This post is by Sandra Peat, Strategy Director at ONE TWO FOUR.

With the explosion of content, consumers are exposed to more and more messaging from brands, and in their ears, much of it is probably white noise. The ever present challenge is to produce and place powerful content that people want to watch and share, while also delivering on business and marketing objectives. To create memorable moments with consumers and truly springboard the effectiveness of content activity to the next level, there are four key considerations why the audience journey should be at the heart of your content strategy.

Use the audience journey to understand when content is the right solution

The audience journey is a fantastic tool to understand how and where content can be most effective. It is made up of many interactions and experiences, with each one having a different and sometimes a small yet significant impact on an audience's journey.

The core challenge is to identify which marketing tool will be most effective in influencing consumers at certain points. While content is definitely not the only solution, in the digital world we live in it has the potential to be used in many different ways to influence. This comes with a word of caution; using content only in the context of advertising, is to limit its potential uses in engaging consumers at different stages of their audience journey.

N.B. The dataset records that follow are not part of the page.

(* Let $\Gamma\in\mathcal S$ have $n>1$ vertices. Then no embedding $\varphi$ of $\Gamma$ into $\mathbb Z^n$ (as in the definition of $\mathcal S$) has an index of type (3); that is, there is no index $i$ such that exactly one vertex $v$ has nonzero coefficient at $E_i$ in $\varphi(v)$ and that coefficient equals $-2$.
   Context: A plumbing tree is a finite tree $\Gamma$ each of whose vertices $v$ carries an integer decoration $d(v)$. $\Gamma$ is minimal if no vertex has decoration $-1$. For $n\ge 1$ let $(\mathbb Z^n,Q_n)$ be the lattice with basis $E_1,\dots,E_n$ and $Q_n(E_i,E_j)=-\delta_{ij}$, and let $K=\sum_{i=1}^n E_i$. A plumbing tree $\Gamma$ on $n$ vertices is a symplectic plumbing tree if there is a map $\varphi$ (an embedding) from its vertex set to $\mathbb Z^n$ such that: for distinct vertices $v_1,v_2$, $Q_n(\varphi(v_1),\varphi(v_2))$ is $1$ if they are adjacent and $0$ otherwise; $Q_n(\varphi(v),\varphi(v))=d(v)$ for every $v$; and $Q_n(\varphi(v),K)+Q_n(\varphi(v),\varphi(v))=-2$ for every $v$. $\mathcal S$ is the set of minimal, connected symplectic plumbing trees. *)

theory Defs
  imports Main
begin

text \<open>Vectors of Z^n are functions nat => int supported on {0..<n};
E_i corresponds to coordinate i (0-based).\<close>

definition is_cycle :: "('a \<Rightarrow> 'a \<Rightarrow> bool) \<Rightarrow> 'a list \<Rightarrow> bool" where
  "is_cycle E cs \<longleftrightarrow> length cs \<ge> 3 \<and> distinct cs \<and>
     (\<forall>i. i + 1 < length cs \<longrightarrow> E (cs ! i) (cs ! (i + 1))) \<and> E (last cs) (hd cs)"

definition is_tree :: "'a set \<Rightarrow> ('a \<Rightarrow> 'a \<Rightarrow> bool) \<Rightarrow> bool" where
  "is_tree V E \<longleftrightarrow> finite V \<and> V \<noteq> {} \<and>
     (\<forall>u v. E u v \<longrightarrow> u \<in> V \<and> v \<in> V) \<and>
     (\<forall>u v. E u v \<longrightarrow> E v u) \<and> (\<forall>v. \<not> E v v) \<and>
     (\<forall>u\<in>V. \<forall>v\<in>V. E\<^sup>*\<^sup>* u v) \<and>
     \<not> (\<exists>cs. is_cycle E cs)"

definition Qn :: "nat \<Rightarrow> (nat \<Rightarrow> int) \<Rightarrow> (nat \<Rightarrow> int) \<Rightarrow> int" where
  "Qn n x y = - (\<Sum>i<n. x i * y i)"

definition Kn :: "nat \<Rightarrow> nat \<Rightarrow> int" where
  "Kn n = (\<lambda>i. if i < n then 1 else 0)"

definition symplectic_embedding ::
  "'a set \<Rightarrow> ('a \<Rightarrow> 'a \<Rightarrow> bool) \<Rightarrow> ('a \<Rightarrow> int) \<Rightarrow> nat \<Rightarrow> ('a \<Rightarrow> nat \<Rightarrow> int) \<Rightarrow> bool" where
  "symplectic_embedding V E d n \<phi> \<longleftrightarrow>
     (\<forall>v\<in>V. \<forall>i. n \<le> i \<longrightarrow> \<phi> v i = 0) \<and>
     (\<forall>v1\<in>V. \<forall>v2\<in>V. v1 \<noteq> v2 \<longrightarrow> Qn n (\<phi> v1) (\<phi> v2) = (if E v1 v2 then 1 else 0)) \<and>
     (\<forall>v\<in>V. Qn n (\<phi> v) (\<phi> v) = d v) \<and>
     (\<forall>v\<in>V. Qn n (\<phi> v) (Kn n) + Qn n (\<phi> v) (\<phi> v) = -2)"

definition symplectic_plumbing_tree :: "'a set \<Rightarrow> ('a \<Rightarrow> 'a \<Rightarrow> bool) \<Rightarrow> ('a \<Rightarrow> int) \<Rightarrow> bool" where
  "symplectic_plumbing_tree V E d \<longleftrightarrow> is_tree V E \<and>
     (\<exists>\<phi>. symplectic_embedding V E d (card V) \<phi>)"

definition minimal_tree :: "'a set \<Rightarrow> ('a \<Rightarrow> int) \<Rightarrow> bool" where
  "minimal_tree V d \<longleftrightarrow> (\<forall>v\<in>V. d v \<noteq> -1)"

Use the stages of the journey to identify the role of content to your audience

It is important to identify exactly what "job" your content is meant to do for content to cut through and really impact on purchase decision making.

Invest time in understanding the role of content at each stage of your audience journey, ensuring that messaging delivers against the critical insights into your audience's needs and barriers that stop them progressing on the journey. Content can provide critical insight into the needs and barriers that stop the audience from progressing on their journey. This helps to shape the topic, style and tone of the content created to address each barrier.

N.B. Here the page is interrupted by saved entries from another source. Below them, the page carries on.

lemma Gp_V_simps [simp]:
  "Orig v \<in> Gp_V p t V E \<longleftrightarrow> v \<in> V"
  "Yv j \<in> Gp_V p t V E \<longleftrightarrow> j < p"
  "Xv a b i \<in> Gp_V p t V E \<longleftrightarrow> E a b \<and> i \<le> t"
  unfolding Gp_V_def by auto

locale recolouring_gadget =
  fixes p q r t k :: nat and V :: "'v set" and E :: "'v \<Rightarrow> 'v \<Rightarrow> bool"
  assumes q_pos: "0 < q" and four_q_le: "4 * q \<le> p" and r_less: "r < q"
    and p_eq: "p = k * q + r"
    and t_pos: "0 < t" and t_mod: "((t + 1) * q) mod p = r"
    and graph: "graph V E"
begin

abbreviation "V' \<equiv> Gp_V p t V E"
abbreviation "E' \<equiv> Gp_E p q t E"
abbreviation "pq_col' \<equiv> pq_col p q V' E'"

definition y_fixed :: "('v gvert \<Rightarrow> nat) \<Rightarrow> bool" where
  "y_fixed \<phi> \<longleftrightarrow> (\<forall>j<p. \<phi> (Yv j) = j)"

definition class_colouring :: "('v gvert \<Rightarrow> nat) \<Rightarrow> 'v \<Rightarrow> nat" where
  "class_colouring \<phi> v = colour_class q r (\<phi> (Orig v))"

lemma y_fixed_reconf_step:
  assumes "y_fixed \<phi>" "reconf_step pq_col' V' \<phi> \<psi>"
  shows "y_fixed \<psi>"
  unfolding y_fixed_def
proof (intro allI impI)
  fix i assume "i < p"
  from assms(2) obtain w where col: "pq_col' \<psi>" and same: "\<forall>v\<in>V'. v \<noteq> w \<longrightarrow> \<phi> v = \<psi> v"
    unfolding reconf_step_def by blast
  have fixed_off_w: "\<psi> (Yv j) = j" if "j < p" "Yv j \<noteq> w" for j
    using assms(1) same that unfolding y_fixed_def by auto
  show "\<psi> (Yv i) = i"
  proof (cases "w = Yv i")
    case False
    then show ?thesis using fixed_off_w[OF \<open>i < p\<close>] by auto
  next
    case True
    define c where "c = \<psi> (Yv i)"
    have "c < p" unfolding c_def using pq_col_less[OF col] \<open>i < p\<close> by simp
    have "pq_apart p q c j" if "j < p" "pq_apart p q j i" for j
    proof -
      have "E' (Yv i) (Yv j)" and "j \<noteq> i"
        using that \<open>i < p\<close> q_pos pq_apart_commute unfolding Gp_E_def pq_apart_def by auto
      then have "pq_apart p q (\<psi> (Yv i)) (\<psi> (Yv j))"
        using pq_col_apart[OF col] that \<open>i < p\<close> by simp
      then show ?thesis using fixed_off_w[of j] that True \<open>j \<noteq> i\<close> unfolding c_def by simp
    qed
    then show ?thesis
      using eq_if_pq_apart_from_all_apart[OF q_pos _ \<open>c < p\<close> \<open>i < p\<close>] four_q_le unfolding c_def by simp
  qed
qed

lemma path_vertex_apart_clique:
  assumes "pq_col' \<phi>" "y_fixed \<phi>" "Gp_base p q t E (Xv a b i) (Yv j)"
  shows "pq_apart p q (\<phi> (Xv a b i)) j"
proof -
  have "E a b" "i \<le> t" "j < p" using assms(3) by simp_all
  moreover have "E' (Xv a b i) (Yv j)" using assms(3) unfolding Gp_E_def by blast
  ultimately show ?thesis
    using pq_col_apart[OF assms(1), of "Xv a b i" "Yv j"] assms(2) unfolding y_fixed_def by simp
qed

lemma path_end_colour:
  assumes "pq_col' \<phi>" "y_fixed \<phi>" "E a b" "i = 0 \<or> i = t"
  shows "\<phi> (Xv a b i) < 2 * q \<or> \<phi> (Xv a b i) = p - 1"
proof -
  let ?c = "\<phi> (Xv a b i)"
  have "i \<le> t" using assms(4) by auto
  then have "?c < p" using pq_col_less[OF assms(1)] assms(3) by simp
  have window: "j \<in> cint p (3 * int q - 1) (int p - int q - 1) \<longleftrightarrow>
      j < p \<and> 3 * int q - 1 \<le> (int j - 0) mod int p \<and> (int j - 0) mod int p \<le> int p - int q - 1" for j
    by (rule mem_cint_iff_window) (use q_pos four_q_le in auto)
  have "pq_apart p q ?c j"
    if "j < p" "3 * int q - 1 \<le> (int j - 0) mod int p" "(int j - 0) mod int p \<le> int p - int q - 1" for j
    using path_vertex_apart_clique[OF assms(1,2)] window[of j] that assms(3,4) \<open>i \<le> t\<close> by auto
  then have "(int ?c - 0) mod int p \<le> 3 * int q - 1 - int q \<or> int p - int q - 1 + int q \<le> (int ?c - 0) mod int p"
    by (intro pq_apart_window_gap[OF q_pos _ _ _ _ \<open>?c < p\<close>]) (use q_pos four_q_le in auto)
  moreover have "(int ?c - 0) mod int p = int ?c" using \<open>?c < p\<close> by simp
  ultimately show ?thesis using \<open>?c < p\<close> by linarith
qed

lemma path_inner_colour:
  assumes "pq_col' \<phi>" "y_fixed \<phi>" "E a b" "0 < i" "i < t"
  shows "(int (\<phi> (Xv a b i)) - int i * int q) mod int p < 2 * int q"
proof -
  let ?c = "\<phi> (Xv a b i)" and ?b = "int i * int q"
  have "?c < p" using pq_col_less[OF assms(1)] assms(3,5) by simp
  have "?b + (int p - int q) = (int i - 1) * int q + int p" by (simp add: algebra_simps)
  then have "((int i - 1) * int q) mod int p = (?b + (int p - int q)) mod int p"
    by (simp only: mod_add_self2)
  then have window: "j \<in> cint p ((int i + 3) * int q - 1) ((int i - 1) * int q) \<longleftrightarrow>
      j < p \<and> 3 * int q - 1 \<le> (int j - ?b) mod int p \<and> (int j - ?b) mod int p \<le> int p - int q" for j
    by (intro mem_cint_iff_window) (use q_pos four_q_le in \<open>auto simp: algebra_simps\<close>)
  have "pq_apart p q ?c j"
    if "j < p" "3 * int q - 1 \<le> (int j - ?b) mod int p" "(int j - ?b) mod int p \<le> int p - int q" for j
    using path_vertex_apart_clique[OF assms(1,2)] window[of j] that assms(3-5) by auto
  then have "(int ?c - ?b) mod int p \<le> 3 * int q - 1 - int q \<or> int p - int q + int q \<le> (int ?c - ?b) mod int p"
    by (intro pq_apart_window_gap[OF q_pos _ _ _ _ \<open>?c < p\<close>]) (use q_pos four_q_le in auto)
  moreover have "(int ?c - ?b) mod int p < int p" using \<open>?c < p\<close> by simp
  ultimately show ?thesis by linarith
qed

lemma no_low_apart_edge:
  assumes "pq_col' \<phi>" "y_fixed \<phi>" "E a b"
  shows "\<not> (\<phi> (Orig a) + q \<le> \<phi> (Orig b) \<and> \<phi> (Orig b) < q + r)"
proof
  assume low: "\<phi> (Orig a) + q \<le> \<phi> (Orig b) \<and> \<phi> (Orig b) < q + r"
  have "a \<in> V" "b \<in> V" using graph \<open>E a b\<close> unfolding graph_def by auto
  show False
  proof (rule pq_apart_path_impossible[where c = "\<lambda>i. \<phi> (Xv a b i)"])
    show "0 < t" "q \<le> p" "((t + 1) * q) mod p = r" "r < q"
      using t_pos four_q_le t_mod r_less by auto
    show "\<phi> (Orig a) + q \<le> \<phi> (Orig b)" "\<phi> (Orig b) < q + r" using low by auto
    show "\<phi> (Xv a b i) < p" if "i \<le> t" for i
      using pq_col_less[OF assms(1)] that assms(3) by simp
    show "\<phi> (Xv a b 0) < 2 * q \<or> \<phi> (Xv a b 0) = p - 1" "\<phi> (Xv a b t) < 2 * q \<or> \<phi> (Xv a b t) = p - 1"
      using path_end_colour[OF assms] by auto
    show "(int (\<phi> (Xv a b i)) - int i * int q) mod int p < 2 * int q" if "0 < i" "i < t" for i
      using path_inner_colour[OF assms that] .
    show "pq_apart p q (\<phi> (Orig a)) (\<phi> (Xv a b 0))" "pq_apart p q (\<phi> (Orig b)) (\<phi> (Xv a b t))"
      using pq_col_apart[OF assms(1)] \<open>a \<in> V\<close> \<open>b \<in> V\<close> assms(3) unfolding Gp_E_def by auto
    show "pq_apart p q (\<phi> (Xv a b i)) (\<phi> (Xv a b (Suc i)))" if "i < t" for i
      using pq_col_apart[OF assms(1)] that assms(3) unfolding Gp_E_def by auto
  qed
qed

lemma k_col_class_colouring:
  assumes "pq_col' \<phi>" "y_fixed \<phi>"
  shows "k_col k V E (class_colouring \<phi>)"
  unfolding k_col_def
proof (intro conjI ballI impI)
  have "0 < k" using p_eq four_q_le r_less by (cases k) auto
  fix v assume "v \<in> V"
  then show "class_colouring \<phi> v < k"
    using colour_class_less[OF q_pos \<open>0 < k\<close> p_eq] pq_col_less[OF assms(1)]
    unfolding class_colouring_def by simp
next
  fix u v assume "u \<in> V" "v \<in> V" "E u v"
  then have "E v u" using graph unfolding graph_def by blast
  have "pq_apart p q (\<phi> (Orig u)) (\<phi> (Orig v))"
    using pq_col_apart[OF assms(1)] \<open>u \<in> V\<close> \<open>v \<in> V\<close> \<open>E u v\<close> unfolding Gp_E_def by simp
  then have apart: "int q \<le> \<bar>int (\<phi> (Orig u)) - int (\<phi> (Orig v))\<bar>" unfolding pq_apart_def by simp
  show "class_colouring \<phi> u \<noteq> class_colouring \<phi> v"
  proof
    assume "class_colouring \<phi> u = class_colouring \<phi> v"
    then have "\<phi> (Orig u) < q + r \<and> \<phi> (Orig v) < q + r"
      using colour_class_eq_imp_low[OF q_pos _ apart] unfolding class_colouring_def by blast
    then show False
      using no_low_apart_edge[OF assms \<open>E u v\<close>] no_low_apart_edge[OF assms \<open>E v u\<close>] apart by linarith
  qed
qed

lemma reconf_step_class_colouring:
  assumes "y_fixed \<phi>" "reconf_step pq_col' V' \<phi> \<psi>"
  shows "y_fixed \<psi> \<and> reconf_step (k_col k V E) V (class_colouring \<phi>) (class_colouring \<psi>)"
proof
  show "y_fixed \<psi>" using y_fixed_reconf_step[OF assms] .
  from assms(2) obtain w where col: "pq_col' \<phi>" "pq_col' \<psi>" and same: "\<forall>v\<in>V'. v \<noteq> w \<longrightarrow> \<phi> v = \<psi> v"
    unfolding reconf_step_def by blast
  obtain w' where "\<forall>v. v \<noteq> w' \<longrightarrow> Orig v \<noteq> w" by (cases w) auto
  then have "\<forall>v\<in>V. v \<noteq> w' \<longrightarrow> class_colouring \<phi> v = class_colouring \<psi> v"
    using same unfolding class_colouring_def by simp
  then show "reconf_step (k_col k V E) V (class_colouring \<phi>) (class_colouring \<psi>)"
    using k_col_class_colouring[OF col(1) assms(1)] k_col_class_colouring[OF col(2) \<open>y_fixed \<psi>\<close>]
    unfolding reconf_step_def by blast
qed

lemma class_colouring_Gp_col: "class_colouring (Gp_col p q t (gamma q r \<circ> f)) = f"
  using colour_class_gamma[OF q_pos] unfolding class_colouring_def by auto

lemma y_fixed_Gp_col: "y_fixed (Gp_col p q t c)"
  unfolding y_fixed_def by simp

lemma reconfigures_if_gadget_reconfigures:
  assumes "k_col k V E f" "k_col k V E g"
    and "reconfigures pq_col' V' (Gp_col p q t (gamma q r \<circ> f)) (Gp_col p q t (gamma q r \<circ> g))"
  shows "reconfigures (k_col k V E) V f g"
proof -
  have "(reconf_step pq_col' V')\<^sup>*\<^sup>* (Gp_col p q t (gamma q r \<circ> f)) (Gp_col p q t (gamma q r \<circ> g))"
    using assms(3) unfolding reconfigures_def by blast
  then have "(reconf_step (k_col k V E) V)\<^sup>*\<^sup>* f g"
    using rtranclp_reconf_step_simulation[of y_fixed, OF reconf_step_class_colouring]
      y_fixed_Gp_col class_colouring_Gp_col by metis
  then show ?thesis using assms(1,2) unfolding reconfigures_def by blast
qed

end

theorem proposition3p3:
  fixes p q k r t :: nat and V :: "'v set" and E :: "'v \<Rightarrow> 'v \<Rightarrow> bool" and f g :: "'v \<Rightarrow> nat"
  assumes "0 < q" and "4 * q \<le> p"
    and "k = p div q" and "r = p - k * q" and "1 \<le> r"
    and "t = (LEAST t. 0 < t \<and> ((t + 1) * q) mod p = r mod p)"
    and "graph V E"
    and "k_col k V E f" and "k_col k V E g"
    and "reconfigures (pq_col p q (Gp_V p t V E) (Gp_E p q t E)) (Gp_V p t V E)
           (Gp_col p q t (gamma q r \<circ> f)) (Gp_col p q t (gamma q r \<circ> g))"
  shows "reconfigures (k_col k V E) V f g"
proof -
  have r: "r = p mod q" using assms(3,4) by (simp add: minus_div_mult_eq_mod)
  then have "r < q" using assms(1) by simp
  then have "r mod p = r" using assms(2) by (intro mod_less) linarith
  obtain t' where "0 < t'" "((t' + 1) * q) mod p = r mod p"
    using ex_pos_succ_mult_mod_eq_rem[OF assms(1) _ r] assms(1,2,5) \<open>r mod p = r\<close> by auto
  then have "0 < t \<and> ((t + 1) * q) mod p = r"
    unfolding assms(6) using \<open>r mod p = r\<close> by (metis (mono_tags, lifting) LeastI)
  then interpret recolouring_gadget p q r t k V E
    using assms(1-4,7) \<open>r < q\<close> by unfold_locales auto
  show ?thesis using reconfigures_if_gadget_reconfigures assms(8-10) .
qed

end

For consumers who are in the early stages of their audience journey, this could mean using content to provide a perspective on a consumer passion that illustrates your brands point of view, rather than focussing on product attributes or points of difference. Knowing the difference at each stage will help to refine the content (and marketing activity) choices you make.

Use the audience journey to create a holistic and single minded vision of content across your organisation

At any one point, your audience will see content about your brand that comes from lots of different sources. While many of these will be produced by other organisations or people, they will even be produced by many people within an organisation such as CSR, Sales, Marketing or HR. Consumers don't "filter" content based on whether it comes from the Marketing department, so messaging and purpose becomes very hard to influence and control across an organisation. Using the audience journey to create a holistic plan for content that is bought into across the organisation can be extremely powerful.

Put in place effective evaluation; measure and optimise

We know that Marketers are investing significantly in content, investing an average of 20p per pound of marketing spend. To measure effectively, it's important to have a clear view on what success looks like for the whole audience journey and the role that content plays in moving consumers along it. Finding the most effective metrics to assess that movement is integral to defining success. Establishing best practice for measurement of effectiveness of content on the audience journey is critical to me this year. Increasing efficiencies and minimising waste not only benefits a brands bottom line, but also improves the audiences' experience of the brand and ultimately how they feel towards it.

The audience journey is very different now compared with last year, let alone the last five years. While audience journey mapping isn't an exact science, it is an incredibly powerful tool to frame thinking about content. How a brand delivers content is about so much more that simply pushing out messages in the hope that something might stick. Instead, content should drive a particular behaviour change or action a result that rings true with the marketing and business objectives.

The rise of content has created a seismic shift in a brand's world and marketers need to quickly understand how to best utilise vast amounts of content to be able to deliver communications in a timely, relevant and welcomed way. Without doing so, marketers run the risk of their content having no impact or meaning.